▶ **Exercise details**
Return the data that follows, keeping every word and mark unchanged.

┌──

lemma finite_part_vectors:
  assumes "\<forall>i<length a. a ! i > 0"
  shows "finite (part_vectors a n)"
proof (rule finite_subset)
  show "part_vectors a n \<subseteq> {x. set x \<subseteq> {0..n} \<and> length x = length a}"
  proof
    fix x assume x: "x \<in> part_vectors a n"
    have "x ! i \<le> n" if "i < length x" for i
    proof -
      have "a ! i > 0" using assms that x by (simp add: part_vectors_def)
      then have "x ! i \<le> a ! i * x ! i" by simp
      also have "\<dots> \<le> (\<Sum>i<length a. a ! i * x ! i)"
        using that x by (intro member_le_sum) (auto simp: part_vectors_def)
      finally show ?thesis using x by (simp add: part_vectors_def)
    qed
    then show "x \<in> {x. set x \<subseteq> {0..n} \<and> length x = length a}"
      using x by (auto simp: part_vectors_def in_set_conv_nth)
  qed
  show "finite {x. set x \<subseteq> {0..n} \<and> length x = length a}"
    by (rule finite_lists_length_eq) simp
qed

lemma part_vectors_Cons:
  "part_vectors (b # a) n = Cons 0 ` part_vectors a n \<union>
     (if b \<le> n then (\<lambda>x. Suc (hd x) # tl x) ` part_vectors (b # a) (n - b) else {})"
proof (intro equalityI subsetI)
  fix x assume x: "x \<in> part_vectors (b # a) n"
  then obtain y ys where xy: "x = y # ys" by (cases x) (auto simp: part_vectors_def)
  have e: "b * y + (\<Sum>i<length a. a ! i * ys ! i) = n" "length ys = length a"
    using x xy by (simp_all add: part_vectors_def sum_Cons_mult_nth del: sum.lessThan_Suc)
  show "x \<in> Cons 0 ` part_vectors a n \<union>
     (if b \<le> n then (\<lambda>x. Suc (hd x) # tl x) ` part_vectors (b # a) (n - b) else {})"
  proof (cases y)
    case 0
    then show ?thesis using e xy by (auto simp: part_vectors_def)
  next
    case (Suc z)
    then have "b \<le> n" "z # ys \<in> part_vectors (b # a) (n - b)"
      using e by (simp_all add: part_vectors_def sum_Cons_mult_nth del: sum.lessThan_Suc)
    then show ?thesis using xy Suc by (auto intro!: image_eqI[where x = "z # ys"])
  qed
next
  fix x assume "x \<in> Cons 0 ` part_vectors a n \<union>
     (if b \<le> n then (\<lambda>x. Suc (hd x) # tl x) ` part_vectors (b # a) (n - b) else {})"
  then consider ys where "ys \<in> part_vectors a n" "x = 0 # ys"
    | y ys where "b \<le> n" "y # ys \<in> part_vectors (b # a) (n - b)" "x = Suc y # ys"
    by (auto simp: part_vectors_def split: if_splits) (metis hd_Cons_tl length_0_conv nat.distinct(1))
  then show "x \<in> part_vectors (b # a) n"
  proof cases
    case (2 y ys)
    then have "b * y + (\<Sum>i<length a. a ! i * ys ! i) = n - b" "length ys = length a"
      by (simp_all add: part_vectors_def sum_Cons_mult_nth del: sum.lessThan_Suc)
    then show ?thesis
      using 2 by (simp add: part_vectors_def sum_Cons_mult_nth del: sum.lessThan_Suc)
  qed (simp add: part_vectors_def sum_Cons_mult_nth del: sum.lessThan_Suc)
qed

lemma part_count_Cons:
  assumes "\<forall>i<length (b # a). (b # a) ! i > 0"
  shows "part_count (b # a) n = part_count a n + (if b \<le> n then part_count (b # a) (n - b) else 0)"
proof -
  have "finite (part_vectors a n)" "finite (part_vectors (b # a) (n - b))"
    using assms by (intro finite_part_vectors; auto)+
  moreover have "inj_on (\<lambda>x. Suc (hd x) # tl x) (part_vectors (b # a) (n - b))"
  proof (rule inj_onI)
    fix x y assume "x \<in> part_vectors (b # a) (n - b)" "y \<in> part_vectors (b # a) (n - b)"
      and "Suc (hd x) # tl x = Suc (hd y) # tl y"
    then show "x = y" by (cases x; cases y) (auto simp: part_vectors_def)
  qed
  moreover have "inj_on (Cons 0) (part_vectors a n)"
    "Cons 0 ` part_vectors a n \<inter> (\<lambda>x. Suc (hd x) # tl x) ` part_vectors (b # a) (n - b) = {}"
    by (auto intro: inj_onI)
  ultimately show ?thesis
    unfolding part_count_eq_card part_vectors_Cons[of b a n]
    by (auto simp: card_Un_disjoint card_image)
qed

lemma part_count_Nil: "part_count [] n = (if n = 0 then 1 else 0)"
proof -
  have "{x :: nat list. length x = 0 \<and> 0 = n} = (if n = 0 then {[]} else {})" by auto
  then show ?thesis by (simp add: part_count_def)
qed

lemma part_count_0: "\<forall>i<length a. a ! i > 0 \<Longrightarrow> part_count a 0 = 1"
proof (induction a)
  case (Cons b a)
  have "\<forall>i<length a. a ! i > 0" using Cons.prems by auto
  then show ?case using part_count_Cons[OF Cons.prems, of 0] Cons.IH by auto
qed (simp add: part_count_Nil)

definition part_fps :: "nat list \<Rightarrow> real fps" where
  "part_fps a = Abs_fps (\<lambda>n. real (part_count a n))"

lemma part_fps_times_prod:
  "\<forall>i<length a. a ! i > 0 \<Longrightarrow> part_fps a * (\<Prod>i<length a. 1 - fps_X ^ (a ! i)) = 1"
proof (induction a)
  case Nil
  have "part_fps [] = 1" by (intro fps_ext) (simp add: part_fps_def part_count_Nil)
  then show ?case by simp
next
  case (Cons b a)
  have "part_fps (b # a) * (1 - fps_X ^ b) = part_fps a"
  proof (rule fps_ext)
    fix n
    have "(part_fps (b # a) * (1 - fps_X ^ b)) $ n
        = part_fps (b # a) $ n - (fps_X ^ b * part_fps (b # a)) $ n"
      by (simp add: algebra_simps)
    then show "(part_fps (b # a) * (1 - fps_X ^ b)) $ n = part_fps a $ n"
      using part_count_Cons[OF Cons.prems, of n] by (auto simp: fps_X_power_mult_nth part_fps_def)
  qed
  moreover have "\<forall>i<length a. a ! i > 0" using Cons.prems by auto
  ultimately show ?case
    using Cons.IH by (simp add: prod.lessThan_Suc_shift mult.assoc[symmetric] del: prod.lessThan_Suc)
qed

section \<open>Periodic power series\<close>

definition fps_euler :: "'a :: comm_ring_1 fps \<Rightarrow> 'a fps" where
  "fps_euler f = fps_X * fps_deriv f"

lemma fps_euler_nth [simp]: "fps_euler f $ n = of_nat n * f $ n"
  by (cases n) (simp_all add: fps_euler_def)

lemma fps_euler_mult: "fps_euler (f * g) = fps_euler f * g + f * fps_euler g"
  by (simp add: fps_euler_def algebra_simps)

lemma fps_euler_power: "fps_euler (f ^ Suc n) = of_nat (Suc n) * f ^ n * fps_euler f"
  by (simp only: fps_euler_def fps_deriv_power') (simp add: algebra_simps)

lemma fps_of_poly_pCons_0_pderiv: "fps_of_poly (pCons 0 (pderiv p)) = fps_euler (fps_of_poly p)"
  by (simp add: fps_euler_def fps_of_poly_pCons fps_of_poly_pderiv mult.commute)

definition periodic_power_fps :: "nat \<Rightarrow> nat \<Rightarrow> nat \<Rightarrow> real fps" where
  "periodic_power_fps D v m =
     Abs_fps (\<lambda>n. if 1 \<le> n \<and> n mod D = v mod D then real n ^ m else 0)"

lemma fps_euler_periodic_power_fps:
  "fps_euler (periodic_power_fps D v m) = periodic_power_fps D v (Suc m)"
  by (intro fps_ext) (simp add: periodic_power_fps_def)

└──

▶ **Answer section**
lemma finite_part_vectors:
  assumes "\<forall>i<length a. a ! i > 0"
  shows "finite (part_vectors a n)"
proof (rule finite_subset)
  show "part_vectors a n \<subseteq> {x. set x \<subseteq> {0..n} \<and> length x = length a}"
  proof
    fix x assume x: "x \<in> part_vectors a n"
    have "x ! i \<le> n" if "i < length x" for i
    proof -
      have "a ! i > 0" using assms that x by (simp add: part_vectors_def)
      then have "x ! i \<le> a ! i * x ! i" by simp
      also have "\<dots> \<le> (\<Sum>i<length a. a ! i * x ! i)"
        using that x by (intro member_le_sum) (auto simp: part_vectors_def)
      finally show ?thesis using x by (simp add: part_vectors_def)
    qed
    then show "x \<in> {x. set x \<subseteq> {0..n} \<and> length x = length a}"
      using x by (auto simp: part_vectors_def in_set_conv_nth)
  qed
  show "finite {x. set x \<subseteq> {0..n} \<and> length x = length a}"
    by (rule finite_lists_length_eq) simp
qed

lemma part_vectors_Cons:
  "part_vectors (b # a) n = Cons 0 ` part_vectors a n \<union>
     (if b \<le> n then (\<lambda>x. Suc (hd x) # tl x) ` part_vectors (b # a) (n - b) else {})"
proof (intro equalityI subsetI)
  fix x assume x: "x \<in> part_vectors (b # a) n"
  then obtain y ys where xy: "x = y # ys" by (cases x) (auto simp: part_vectors_def)
  have e: "b * y + (\<Sum>i<length a. a ! i * ys ! i) = n" "length ys = length a"
    using x xy by (simp_all add: part_vectors_def sum_Cons_mult_nth del: sum.lessThan_Suc)
  show "x \<in> Cons 0 ` part_vectors a n \<union>
     (if b \<le> n then (\<lambda>x. Suc (hd x) # tl x) ` part_vectors (b # a) (n - b) else {})"
  proof (cases y)
    case 0
    then show ?thesis using e xy by (auto simp: part_vectors_def)
  next
    case (Suc z)
    then have "b \<le> n" "z # ys \<in> part_vectors (b # a) (n - b)"
      using e by (simp_all add: part_vectors_def sum_Cons_mult_nth del: sum.lessThan_Suc)
    then show ?thesis using xy Suc by (auto intro!: image_eqI[where x = "z # ys"])
  qed
next
  fix x assume "x \<in> Cons 0 ` part_vectors a n \<union>
     (if b \<le> n then (\<lambda>x. Suc (hd x) # tl x) ` part_vectors (b # a) (n - b) else {})"
  then consider ys where "ys \<in> part_vectors a n" "x = 0 # ys"
    | y ys where "b \<le> n" "y # ys \<in> part_vectors (b # a) (n - b)" "x = Suc y # ys"
    by (auto simp: part_vectors_def split: if_splits) (metis hd_Cons_tl length_0_conv nat.distinct(1))
  then show "x \<in> part_vectors (b # a) n"
  proof cases
    case (2 y ys)
    then have "b * y + (\<Sum>i<length a. a ! i * ys ! i) = n - b" "length ys = length a"
      by (simp_all add: part_vectors_def sum_Cons_mult_nth del: sum.lessThan_Suc)
    then show ?thesis
      using 2 by (simp add: part_vectors_def sum_Cons_mult_nth del: sum.lessThan_Suc)
  qed (simp add: part_vectors_def sum_Cons_mult_nth del: sum.lessThan_Suc)
qed

lemma part_count_Cons:
  assumes "\<forall>i<length (b # a). (b # a) ! i > 0"
  shows "part_count (b # a) n = part_count a n + (if b \<le> n then part_count (b # a) (n - b) else 0)"
proof -
  have "finite (part_vectors a n)" "finite (part_vectors (b # a) (n - b))"
    using assms by (intro finite_part_vectors; auto)+
  moreover have "inj_on (\<lambda>x. Suc (hd x) # tl x) (part_vectors (b # a) (n - b))"
  proof (rule inj_onI)
    fix x y assume "x \<in> part_vectors (b # a) (n - b)" "y \<in> part_vectors (b # a) (n - b)"
      and "Suc (hd x) # tl x = Suc (hd y) # tl y"
    then show "x = y" by (cases x; cases y) (auto simp: part_vectors_def)
  qed
  moreover have "inj_on (Cons 0) (part_vectors a n)"
    "Cons 0 ` part_vectors a n \<inter> (\<lambda>x. Suc (hd x) # tl x) ` part_vectors (b # a) (n - b) = {}"
    by (auto intro: inj_onI)
  ultimately show ?thesis
    unfolding part_count_eq_card part_vectors_Cons[of b a n]
    by (auto simp: card_Un_disjoint card_image)
qed

lemma part_count_Nil: "part_count [] n = (if n = 0 then 1 else 0)"
proof -
  have "{x :: nat list. length x = 0 \<and> 0 = n} = (if n = 0 then {[]} else {})" by auto
  then show ?thesis by (simp add: part_count_def)
qed

lemma part_count_0: "\<forall>i<length a. a ! i > 0 \<Longrightarrow> part_count a 0 = 1"
proof (induction a)
  case (Cons b a)
  have "\<forall>i<length a. a ! i > 0" using Cons.prems by auto
  then show ?case using part_count_Cons[OF Cons.prems, of 0] Cons.IH by auto
qed (simp add: part_count_Nil)

definition part_fps :: "nat list \<Rightarrow> real fps" where
  "part_fps a = Abs_fps (\<lambda>n. real (part_count a n))"

lemma part_fps_times_prod:
  "\<forall>i<length a. a ! i > 0 \<Longrightarrow> part_fps a * (\<Prod>i<length a. 1 - fps_X ^ (a ! i)) = 1"
proof (induction a)
  case Nil
  have "part_fps [] = 1" by (intro fps_ext) (simp add: part_fps_def part_count_Nil)
  then show ?case by simp
next
  case (Cons b a)
  have "part_fps (b # a) * (1 - fps_X ^ b) = part_fps a"
  proof (rule fps_ext)
    fix n
    have "(part_fps (b # a) * (1 - fps_X ^ b)) $ n
        = part_fps (b # a) $ n - (fps_X ^ b * part_fps (b # a)) $ n"
      by (simp add: algebra_simps)
    then show "(part_fps (b # a) * (1 - fps_X ^ b)) $ n = part_fps a $ n"
      using part_count_Cons[OF Cons.prems, of n] by (auto simp: fps_X_power_mult_nth part_fps_def)
  qed
  moreover have "\<forall>i<length a. a ! i > 0" using Cons.prems by auto
  ultimately show ?case
    using Cons.IH by (simp add: prod.lessThan_Suc_shift mult.assoc[symmetric] del: prod.lessThan_Suc)
qed

section \<open>Periodic power series\<close>

definition fps_euler :: "'a :: comm_ring_1 fps \<Rightarrow> 'a fps" where
  "fps_euler f = fps_X * fps_deriv f"

lemma fps_euler_nth [simp]: "fps_euler f $ n = of_nat n * f $ n"
  by (cases n) (simp_all add: fps_euler_def)

lemma fps_euler_mult: "fps_euler (f * g) = fps_euler f * g + f * fps_euler g"
  by (simp add: fps_euler_def algebra_simps)

lemma fps_euler_power: "fps_euler (f ^ Suc n) = of_nat (Suc n) * f ^ n * fps_euler f"
  by (simp only: fps_euler_def fps_deriv_power') (simp add: algebra_simps)

lemma fps_of_poly_pCons_0_pderiv: "fps_of_poly (pCons 0 (pderiv p)) = fps_euler (fps_of_poly p)"
  by (simp add: fps_euler_def fps_of_poly_pCons fps_of_poly_pderiv mult.commute)

definition periodic_power_fps :: "nat \<Rightarrow> nat \<Rightarrow> nat \<Rightarrow> real fps" where
  "periodic_power_fps D v m =
     Abs_fps (\<lambda>n. if 1 \<le> n \<and> n mod D = v mod D then real n ^ m else 0)"

lemma fps_euler_periodic_power_fps:
  "fps_euler (periodic_power_fps D v m) = periodic_power_fps D v (Suc m)"
  by (intro fps_ext) (simp add: periodic_power_fps_def)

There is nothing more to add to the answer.